**EXERCISE OBJECTIVE**
Print every record exactly, omitting none.

== RECORDS PROVIDED ==

text \<open>A skew brace (A,+,o) is given by two HOL-Algebra groups Add (the group (A,+),
written multiplicatively in the library) and Circ (the group (A,o)) on the same carrier.\<close>

definition skew_brace :: "('a, 'b) monoid_scheme \<Rightarrow> ('a, 'c) monoid_scheme \<Rightarrow> bool" where
  "skew_brace Add Circ \<longleftrightarrow> group Add \<and> group Circ \<and> carrier Add = carrier Circ \<and>
     (\<forall>a\<in>carrier Add. \<forall>b\<in>carrier Add. \<forall>c\<in>carrier Add.
        a \<otimes>\<^bsub>Circ\<^esub> (b \<otimes>\<^bsub>Add\<^esub> c)
          = (a \<otimes>\<^bsub>Circ\<^esub> b) \<otimes>\<^bsub>Add\<^esub> inv\<^bsub>Add\<^esub> a \<otimes>\<^bsub>Add\<^esub> (a \<otimes>\<^bsub>Circ\<^esub> c))"

definition brace_lambda :: "('a, 'b) monoid_scheme \<Rightarrow> ('a, 'c) monoid_scheme \<Rightarrow> 'a \<Rightarrow> 'a \<Rightarrow> 'a" where
  "brace_lambda Add Circ a b = inv\<^bsub>Add\<^esub> a \<otimes>\<^bsub>Add\<^esub> (a \<otimes>\<^bsub>Circ\<^esub> b)"

definition brace_theta :: "('a, 'b) monoid_scheme \<Rightarrow> ('a, 'c) monoid_scheme \<Rightarrow> 'a \<Rightarrow> 'a \<Rightarrow> 'a \<Rightarrow> 'a" where
  "brace_theta Add Circ a b c = a \<otimes>\<^bsub>Add\<^esub> brace_lambda Add Circ b c \<otimes>\<^bsub>Add\<^esub> inv\<^bsub>Add\<^esub> a"

definition theta_orbit :: "('a, 'b) monoid_scheme \<Rightarrow> ('a, 'c) monoid_scheme \<Rightarrow> 'a \<Rightarrow> 'a set" where
  "theta_orbit Add Circ c = {brace_theta Add Circ a b c | a b. a \<in> carrier Add \<and> b \<in> carrier Add}"

definition Theta_vertices :: "('a, 'b) monoid_scheme \<Rightarrow> ('a, 'c) monoid_scheme \<Rightarrow> 'a set set" where
  "Theta_vertices Add Circ =
     {L. (\<exists>c\<in>carrier Add. L = theta_orbit Add Circ c) \<and> card L > 1}"

end

theory Submission
  imports Defs "HOL-Algebra.Group_Action" "HOL-Algebra.Sylow" "HOL-Algebra.Multiplicative_Group"
begin

text \<open>
  The maps \<open>\<theta>\<^sub>g\<close> are automorphisms of \<open>(A,+)\<close>, so the common fixed points form a
  subgroup \<open>F\<close>, which is central because \<open>\<theta>\<close> at \<open>(a, 1)\<close> is conjugation by \<open>a\<close>, and
  elements of one orbit have the same order. If \<open>\<Theta>(A)\<close> has a single vertex, \<open>A - F\<close> is a
  single orbit: its elements share an order \<open>n\<close>, and by orbit-stabilizer \<open>|A - F|\<close> divides
  \<open>|A|\<^sup>2\<close>. For \<open>x \<notin> F\<close> and a prime \<open>s\<close> dividing \<open>n\<close> we get \<open>x\<^sup>s \<in> F\<close>, so by Bezout
  only one prime \<open>r\<close> divides \<open>n\<close>; by Cauchy's theorem and centrality of \<open>F\<close>, \<open>|A|\<close> is a
  power of \<open>r\<close>. Writing \<open>|A| = k|F|\<close>, the divisor \<open>(k - 1)|F|\<close> of \<open>|A|\<^sup>2\<close> forces \<open>k - 1\<close>
  to be a power of \<open>r\<close> prime to \<open>r\<close>, so \<open>k \<le> 2\<close>, and a group with a central subgroup of
  index at most two is abelian.
\<close>

section \<open>Finite groups\<close>

lemma (in group) exists_ord_eq_prime:
  assumes fin: "finite (carrier G)" and p: "prime p" and dvd: "p dvd order G"
  shows "\<exists>z\<in>carrier G. ord z = p"
proof -
  have "order G = p ^ 1 * (order G div p)" using dvd by simp
  from sylow_thm[OF p is_group this fin] obtain H where H: "subgroup H G" "card H = p"
    by auto
  then have "\<not> H \<subseteq> {\<one>}" using card_mono[of "{\<one>}" H] prime_ge_2_nat[OF p] by auto
  then obtain h where h: "h \<in> H" "h \<noteq> \<one>" by blast
  have hc: "h \<in> carrier G" using H h subgroup.subset by blast
  interpret K: group "G\<lparr>carrier := H\<rparr>" using H subgroup.subgroup_is_group is_group by blast
  have "h [^]\<^bsub>G\<lparr>carrier := H\<rparr>\<^esub> order (G\<lparr>carrier := H\<rparr>) = \<one>"
    using K.pow_order_eq_1 h by simp
  then have "h [^] p = \<one>" using H nat_pow_consistent[of h p H] by (simp add: order_def)
  then have "ord h dvd p" using hc pow_eq_id by blast
  then have "ord h = 1 \<or> ord h = p" using p prime_nat_iff by blast
  then show ?thesis using hc h ord_eq_1 by blast
qed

===

**ANSWER TO THIS EXERCISE**
text \<open>A skew brace (A,+,o) is given by two HOL-Algebra groups Add (the group (A,+),
written multiplicatively in the library) and Circ (the group (A,o)) on the same carrier.\<close>

definition skew_brace :: "('a, 'b) monoid_scheme \<Rightarrow> ('a, 'c) monoid_scheme \<Rightarrow> bool" where
  "skew_brace Add Circ \<longleftrightarrow> group Add \<and> group Circ \<and> carrier Add = carrier Circ \<and>
     (\<forall>a\<in>carrier Add. \<forall>b\<in>carrier Add. \<forall>c\<in>carrier Add.
        a \<otimes>\<^bsub>Circ\<^esub> (b \<otimes>\<^bsub>Add\<^esub> c)
          = (a \<otimes>\<^bsub>Circ\<^esub> b) \<otimes>\<^bsub>Add\<^esub> inv\<^bsub>Add\<^esub> a \<otimes>\<^bsub>Add\<^esub> (a \<otimes>\<^bsub>Circ\<^esub> c))"

definition brace_lambda :: "('a, 'b) monoid_scheme \<Rightarrow> ('a, 'c) monoid_scheme \<Rightarrow> 'a \<Rightarrow> 'a \<Rightarrow> 'a" where
  "brace_lambda Add Circ a b = inv\<^bsub>Add\<^esub> a \<otimes>\<^bsub>Add\<^esub> (a \<otimes>\<^bsub>Circ\<^esub> b)"

definition brace_theta :: "('a, 'b) monoid_scheme \<Rightarrow> ('a, 'c) monoid_scheme \<Rightarrow> 'a \<Rightarrow> 'a \<Rightarrow> 'a \<Rightarrow> 'a" where
  "brace_theta Add Circ a b c = a \<otimes>\<^bsub>Add\<^esub> brace_lambda Add Circ b c \<otimes>\<^bsub>Add\<^esub> inv\<^bsub>Add\<^esub> a"

definition theta_orbit :: "('a, 'b) monoid_scheme \<Rightarrow> ('a, 'c) monoid_scheme \<Rightarrow> 'a \<Rightarrow> 'a set" where
  "theta_orbit Add Circ c = {brace_theta Add Circ a b c | a b. a \<in> carrier Add \<and> b \<in> carrier Add}"

definition Theta_vertices :: "('a, 'b) monoid_scheme \<Rightarrow> ('a, 'c) monoid_scheme \<Rightarrow> 'a set set" where
  "Theta_vertices Add Circ =
     {L. (\<exists>c\<in>carrier Add. L = theta_orbit Add Circ c) \<and> card L > 1}"

end

theory Submission
  imports Defs "HOL-Algebra.Group_Action" "HOL-Algebra.Sylow" "HOL-Algebra.Multiplicative_Group"
begin

text \<open>
  The maps \<open>\<theta>\<^sub>g\<close> are automorphisms of \<open>(A,+)\<close>, so the common fixed points form a
  subgroup \<open>F\<close>, which is central because \<open>\<theta>\<close> at \<open>(a, 1)\<close> is conjugation by \<open>a\<close>, and
  elements of one orbit have the same order. If \<open>\<Theta>(A)\<close> has a single vertex, \<open>A - F\<close> is a
  single orbit: its elements share an order \<open>n\<close>, and by orbit-stabilizer \<open>|A - F|\<close> divides
  \<open>|A|\<^sup>2\<close>. For \<open>x \<notin> F\<close> and a prime \<open>s\<close> dividing \<open>n\<close> we get \<open>x\<^sup>s \<in> F\<close>, so by Bezout
  only one prime \<open>r\<close> divides \<open>n\<close>; by Cauchy's theorem and centrality of \<open>F\<close>, \<open>|A|\<close> is a
  power of \<open>r\<close>. Writing \<open>|A| = k|F|\<close>, the divisor \<open>(k - 1)|F|\<close> of \<open>|A|\<^sup>2\<close> forces \<open>k - 1\<close>
  to be a power of \<open>r\<close> prime to \<open>r\<close>, so \<open>k \<le> 2\<close>, and a group with a central subgroup of
  index at most two is abelian.
\<close>

section \<open>Finite groups\<close>

lemma (in group) exists_ord_eq_prime:
  assumes fin: "finite (carrier G)" and p: "prime p" and dvd: "p dvd order G"
  shows "\<exists>z\<in>carrier G. ord z = p"
proof -
  have "order G = p ^ 1 * (order G div p)" using dvd by simp
  from sylow_thm[OF p is_group this fin] obtain H where H: "subgroup H G" "card H = p"
    by auto
  then have "\<not> H \<subseteq> {\<one>}" using card_mono[of "{\<one>}" H] prime_ge_2_nat[OF p] by auto
  then obtain h where h: "h \<in> H" "h \<noteq> \<one>" by blast
  have hc: "h \<in> carrier G" using H h subgroup.subset by blast
  interpret K: group "G\<lparr>carrier := H\<rparr>" using H subgroup.subgroup_is_group is_group by blast
  have "h [^]\<^bsub>G\<lparr>carrier := H\<rparr>\<^esub> order (G\<lparr>carrier := H\<rparr>) = \<one>"
    using K.pow_order_eq_1 h by simp
  then have "h [^] p = \<one>" using H nat_pow_consistent[of h p H] by (simp add: order_def)
  then have "ord h dvd p" using hc pow_eq_id by blast
  then have "ord h = 1 \<or> ord h = p" using p prime_nat_iff by blast
  then show ?thesis using hc h ord_eq_1 by blast
qed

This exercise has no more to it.